What is needed
Repeat the material below. Keep every line exactly as written.
--- START ---
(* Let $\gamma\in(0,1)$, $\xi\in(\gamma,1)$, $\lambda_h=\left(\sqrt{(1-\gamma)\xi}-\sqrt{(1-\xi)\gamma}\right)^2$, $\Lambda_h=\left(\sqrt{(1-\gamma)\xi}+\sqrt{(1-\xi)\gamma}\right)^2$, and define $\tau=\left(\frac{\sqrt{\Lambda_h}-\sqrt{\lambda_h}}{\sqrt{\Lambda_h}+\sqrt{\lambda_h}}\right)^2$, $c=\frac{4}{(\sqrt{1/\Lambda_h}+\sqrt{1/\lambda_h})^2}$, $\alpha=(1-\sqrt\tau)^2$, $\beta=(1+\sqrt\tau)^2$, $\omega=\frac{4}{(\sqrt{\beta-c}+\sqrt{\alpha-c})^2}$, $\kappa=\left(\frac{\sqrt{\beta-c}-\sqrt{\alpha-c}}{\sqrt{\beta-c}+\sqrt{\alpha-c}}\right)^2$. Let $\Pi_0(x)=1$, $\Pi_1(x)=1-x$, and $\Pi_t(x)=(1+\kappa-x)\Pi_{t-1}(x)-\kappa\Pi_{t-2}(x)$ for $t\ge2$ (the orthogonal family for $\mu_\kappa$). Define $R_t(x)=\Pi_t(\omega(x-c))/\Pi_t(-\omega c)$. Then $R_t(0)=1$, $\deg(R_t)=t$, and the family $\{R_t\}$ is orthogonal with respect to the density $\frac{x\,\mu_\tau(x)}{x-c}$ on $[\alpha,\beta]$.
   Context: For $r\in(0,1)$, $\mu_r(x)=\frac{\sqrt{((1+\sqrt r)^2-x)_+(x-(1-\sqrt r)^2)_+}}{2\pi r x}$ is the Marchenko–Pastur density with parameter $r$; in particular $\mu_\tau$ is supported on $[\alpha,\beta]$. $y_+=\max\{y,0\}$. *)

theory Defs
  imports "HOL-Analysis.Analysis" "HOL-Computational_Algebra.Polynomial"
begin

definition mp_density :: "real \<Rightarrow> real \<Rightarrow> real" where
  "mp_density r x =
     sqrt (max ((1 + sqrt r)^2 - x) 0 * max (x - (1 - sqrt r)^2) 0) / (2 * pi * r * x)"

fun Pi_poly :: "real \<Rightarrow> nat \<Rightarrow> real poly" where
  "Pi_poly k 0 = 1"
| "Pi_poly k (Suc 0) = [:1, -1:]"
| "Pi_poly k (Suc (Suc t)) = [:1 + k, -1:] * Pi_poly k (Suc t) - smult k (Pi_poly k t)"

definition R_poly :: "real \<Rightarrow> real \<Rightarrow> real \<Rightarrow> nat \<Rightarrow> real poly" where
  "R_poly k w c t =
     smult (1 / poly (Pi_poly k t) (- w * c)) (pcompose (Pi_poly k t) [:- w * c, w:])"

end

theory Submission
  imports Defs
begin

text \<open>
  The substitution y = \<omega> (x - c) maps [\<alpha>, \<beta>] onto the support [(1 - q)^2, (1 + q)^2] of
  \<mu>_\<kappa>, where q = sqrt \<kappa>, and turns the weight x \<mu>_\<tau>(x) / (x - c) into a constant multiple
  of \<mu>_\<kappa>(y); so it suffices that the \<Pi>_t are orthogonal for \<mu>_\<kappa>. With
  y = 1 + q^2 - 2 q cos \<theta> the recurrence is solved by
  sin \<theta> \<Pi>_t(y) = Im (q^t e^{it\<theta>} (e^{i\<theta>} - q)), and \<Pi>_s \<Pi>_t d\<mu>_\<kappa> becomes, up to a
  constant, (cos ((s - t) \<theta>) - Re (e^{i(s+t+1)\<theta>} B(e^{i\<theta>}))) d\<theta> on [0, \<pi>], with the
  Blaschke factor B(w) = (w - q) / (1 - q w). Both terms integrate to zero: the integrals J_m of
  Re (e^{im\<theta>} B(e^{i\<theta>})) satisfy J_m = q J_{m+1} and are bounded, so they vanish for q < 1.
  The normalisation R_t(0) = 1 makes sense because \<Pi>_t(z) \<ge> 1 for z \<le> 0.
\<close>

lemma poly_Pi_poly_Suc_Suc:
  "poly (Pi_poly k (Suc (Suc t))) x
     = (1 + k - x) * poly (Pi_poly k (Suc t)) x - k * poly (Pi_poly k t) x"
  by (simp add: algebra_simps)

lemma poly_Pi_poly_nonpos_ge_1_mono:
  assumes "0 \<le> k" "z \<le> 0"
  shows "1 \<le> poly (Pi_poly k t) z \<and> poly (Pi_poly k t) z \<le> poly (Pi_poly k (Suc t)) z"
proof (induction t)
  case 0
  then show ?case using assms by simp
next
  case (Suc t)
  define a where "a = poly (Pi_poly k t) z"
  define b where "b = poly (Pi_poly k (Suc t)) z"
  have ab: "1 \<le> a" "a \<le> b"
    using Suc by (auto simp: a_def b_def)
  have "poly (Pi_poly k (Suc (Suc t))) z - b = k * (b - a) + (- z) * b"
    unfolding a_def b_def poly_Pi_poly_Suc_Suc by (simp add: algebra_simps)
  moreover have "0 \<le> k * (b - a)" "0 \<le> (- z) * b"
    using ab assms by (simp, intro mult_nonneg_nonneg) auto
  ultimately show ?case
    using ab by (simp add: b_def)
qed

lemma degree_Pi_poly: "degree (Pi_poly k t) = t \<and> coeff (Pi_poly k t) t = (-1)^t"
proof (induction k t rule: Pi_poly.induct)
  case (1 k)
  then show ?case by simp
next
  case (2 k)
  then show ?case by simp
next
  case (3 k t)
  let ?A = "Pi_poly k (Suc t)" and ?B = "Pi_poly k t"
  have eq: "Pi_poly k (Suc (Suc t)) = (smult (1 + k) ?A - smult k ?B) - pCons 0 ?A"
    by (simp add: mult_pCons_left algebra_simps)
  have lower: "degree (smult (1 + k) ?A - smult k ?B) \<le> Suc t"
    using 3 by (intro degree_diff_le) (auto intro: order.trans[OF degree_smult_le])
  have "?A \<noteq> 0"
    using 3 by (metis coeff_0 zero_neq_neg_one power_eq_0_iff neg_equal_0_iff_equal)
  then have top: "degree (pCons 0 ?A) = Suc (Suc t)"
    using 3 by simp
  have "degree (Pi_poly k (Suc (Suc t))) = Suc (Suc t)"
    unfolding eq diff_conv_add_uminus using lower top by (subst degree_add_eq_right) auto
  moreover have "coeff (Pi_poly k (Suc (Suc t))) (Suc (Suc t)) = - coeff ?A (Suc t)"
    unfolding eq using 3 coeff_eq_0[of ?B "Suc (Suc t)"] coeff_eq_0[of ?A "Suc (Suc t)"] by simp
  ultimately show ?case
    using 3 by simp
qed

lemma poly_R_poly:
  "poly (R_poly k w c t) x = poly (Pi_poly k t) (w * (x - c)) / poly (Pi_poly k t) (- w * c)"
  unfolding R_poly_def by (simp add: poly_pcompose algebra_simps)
--- END ---
Reply
(* Let $\gamma\in(0,1)$, $\xi\in(\gamma,1)$, $\lambda_h=\left(\sqrt{(1-\gamma)\xi}-\sqrt{(1-\xi)\gamma}\right)^2$, $\Lambda_h=\left(\sqrt{(1-\gamma)\xi}+\sqrt{(1-\xi)\gamma}\right)^2$, and define $\tau=\left(\frac{\sqrt{\Lambda_h}-\sqrt{\lambda_h}}{\sqrt{\Lambda_h}+\sqrt{\lambda_h}}\right)^2$, $c=\frac{4}{(\sqrt{1/\Lambda_h}+\sqrt{1/\lambda_h})^2}$, $\alpha=(1-\sqrt\tau)^2$, $\beta=(1+\sqrt\tau)^2$, $\omega=\frac{4}{(\sqrt{\beta-c}+\sqrt{\alpha-c})^2}$, $\kappa=\left(\frac{\sqrt{\beta-c}-\sqrt{\alpha-c}}{\sqrt{\beta-c}+\sqrt{\alpha-c}}\right)^2$. Let $\Pi_0(x)=1$, $\Pi_1(x)=1-x$, and $\Pi_t(x)=(1+\kappa-x)\Pi_{t-1}(x)-\kappa\Pi_{t-2}(x)$ for $t\ge2$ (the orthogonal family for $\mu_\kappa$). Define $R_t(x)=\Pi_t(\omega(x-c))/\Pi_t(-\omega c)$. Then $R_t(0)=1$, $\deg(R_t)=t$, and the family $\{R_t\}$ is orthogonal with respect to the density $\frac{x\,\mu_\tau(x)}{x-c}$ on $[\alpha,\beta]$.
   Context: For $r\in(0,1)$, $\mu_r(x)=\frac{\sqrt{((1+\sqrt r)^2-x)_+(x-(1-\sqrt r)^2)_+}}{2\pi r x}$ is the Marchenko–Pastur density with parameter $r$; in particular $\mu_\tau$ is supported on $[\alpha,\beta]$. $y_+=\max\{y,0\}$. *)

theory Defs
  imports "HOL-Analysis.Analysis" "HOL-Computational_Algebra.Polynomial"
begin

definition mp_density :: "real \<Rightarrow> real \<Rightarrow> real" where
  "mp_density r x =
     sqrt (max ((1 + sqrt r)^2 - x) 0 * max (x - (1 - sqrt r)^2) 0) / (2 * pi * r * x)"

fun Pi_poly :: "real \<Rightarrow> nat \<Rightarrow> real poly" where
  "Pi_poly k 0 = 1"
| "Pi_poly k (Suc 0) = [:1, -1:]"
| "Pi_poly k (Suc (Suc t)) = [:1 + k, -1:] * Pi_poly k (Suc t) - smult k (Pi_poly k t)"

definition R_poly :: "real \<Rightarrow> real \<Rightarrow> real \<Rightarrow> nat \<Rightarrow> real poly" where
  "R_poly k w c t =
     smult (1 / poly (Pi_poly k t) (- w * c)) (pcompose (Pi_poly k t) [:- w * c, w:])"

end

theory Submission
  imports Defs
begin

text \<open>
  The substitution y = \<omega> (x - c) maps [\<alpha>, \<beta>] onto the support [(1 - q)^2, (1 + q)^2] of
  \<mu>_\<kappa>, where q = sqrt \<kappa>, and turns the weight x \<mu>_\<tau>(x) / (x - c) into a constant multiple
  of \<mu>_\<kappa>(y); so it suffices that the \<Pi>_t are orthogonal for \<mu>_\<kappa>. With
  y = 1 + q^2 - 2 q cos \<theta> the recurrence is solved by
  sin \<theta> \<Pi>_t(y) = Im (q^t e^{it\<theta>} (e^{i\<theta>} - q)), and \<Pi>_s \<Pi>_t d\<mu>_\<kappa> becomes, up to a
  constant, (cos ((s - t) \<theta>) - Re (e^{i(s+t+1)\<theta>} B(e^{i\<theta>}))) d\<theta> on [0, \<pi>], with the
  Blaschke factor B(w) = (w - q) / (1 - q w). Both terms integrate to zero: the integrals J_m of
  Re (e^{im\<theta>} B(e^{i\<theta>})) satisfy J_m = q J_{m+1} and are bounded, so they vanish for q < 1.
  The normalisation R_t(0) = 1 makes sense because \<Pi>_t(z) \<ge> 1 for z \<le> 0.
\<close>

lemma poly_Pi_poly_Suc_Suc:
  "poly (Pi_poly k (Suc (Suc t))) x
     = (1 + k - x) * poly (Pi_poly k (Suc t)) x - k * poly (Pi_poly k t) x"
  by (simp add: algebra_simps)

lemma poly_Pi_poly_nonpos_ge_1_mono:
  assumes "0 \<le> k" "z \<le> 0"
  shows "1 \<le> poly (Pi_poly k t) z \<and> poly (Pi_poly k t) z \<le> poly (Pi_poly k (Suc t)) z"
proof (induction t)
  case 0
  then show ?case using assms by simp
next
  case (Suc t)
  define a where "a = poly (Pi_poly k t) z"
  define b where "b = poly (Pi_poly k (Suc t)) z"
  have ab: "1 \<le> a" "a \<le> b"
    using Suc by (auto simp: a_def b_def)
  have "poly (Pi_poly k (Suc (Suc t))) z - b = k * (b - a) + (- z) * b"
    unfolding a_def b_def poly_Pi_poly_Suc_Suc by (simp add: algebra_simps)
  moreover have "0 \<le> k * (b - a)" "0 \<le> (- z) * b"
    using ab assms by (simp, intro mult_nonneg_nonneg) auto
  ultimately show ?case
    using ab by (simp add: b_def)
qed

lemma degree_Pi_poly: "degree (Pi_poly k t) = t \<and> coeff (Pi_poly k t) t = (-1)^t"
proof (induction k t rule: Pi_poly.induct)
  case (1 k)
  then show ?case by simp
next
  case (2 k)
  then show ?case by simp
next
  case (3 k t)
  let ?A = "Pi_poly k (Suc t)" and ?B = "Pi_poly k t"
  have eq: "Pi_poly k (Suc (Suc t)) = (smult (1 + k) ?A - smult k ?B) - pCons 0 ?A"
    by (simp add: mult_pCons_left algebra_simps)
  have lower: "degree (smult (1 + k) ?A - smult k ?B) \<le> Suc t"
    using 3 by (intro degree_diff_le) (auto intro: order.trans[OF degree_smult_le])
  have "?A \<noteq> 0"
    using 3 by (metis coeff_0 zero_neq_neg_one power_eq_0_iff neg_equal_0_iff_equal)
  then have top: "degree (pCons 0 ?A) = Suc (Suc t)"
    using 3 by simp
  have "degree (Pi_poly k (Suc (Suc t))) = Suc (Suc t)"
    unfolding eq diff_conv_add_uminus using lower top by (subst degree_add_eq_right) auto
  moreover have "coeff (Pi_poly k (Suc (Suc t))) (Suc (Suc t)) = - coeff ?A (Suc t)"
    unfolding eq using 3 coeff_eq_0[of ?B "Suc (Suc t)"] coeff_eq_0[of ?A "Suc (Suc t)"] by simp
  ultimately show ?case
    using 3 by simp
qed

lemma poly_R_poly:
  "poly (R_poly k w c t) x = poly (Pi_poly k t) (w * (x - c)) / poly (Pi_poly k t) (- w * c)"
  unfolding R_poly_def by (simp add: poly_pcompose algebra_simps)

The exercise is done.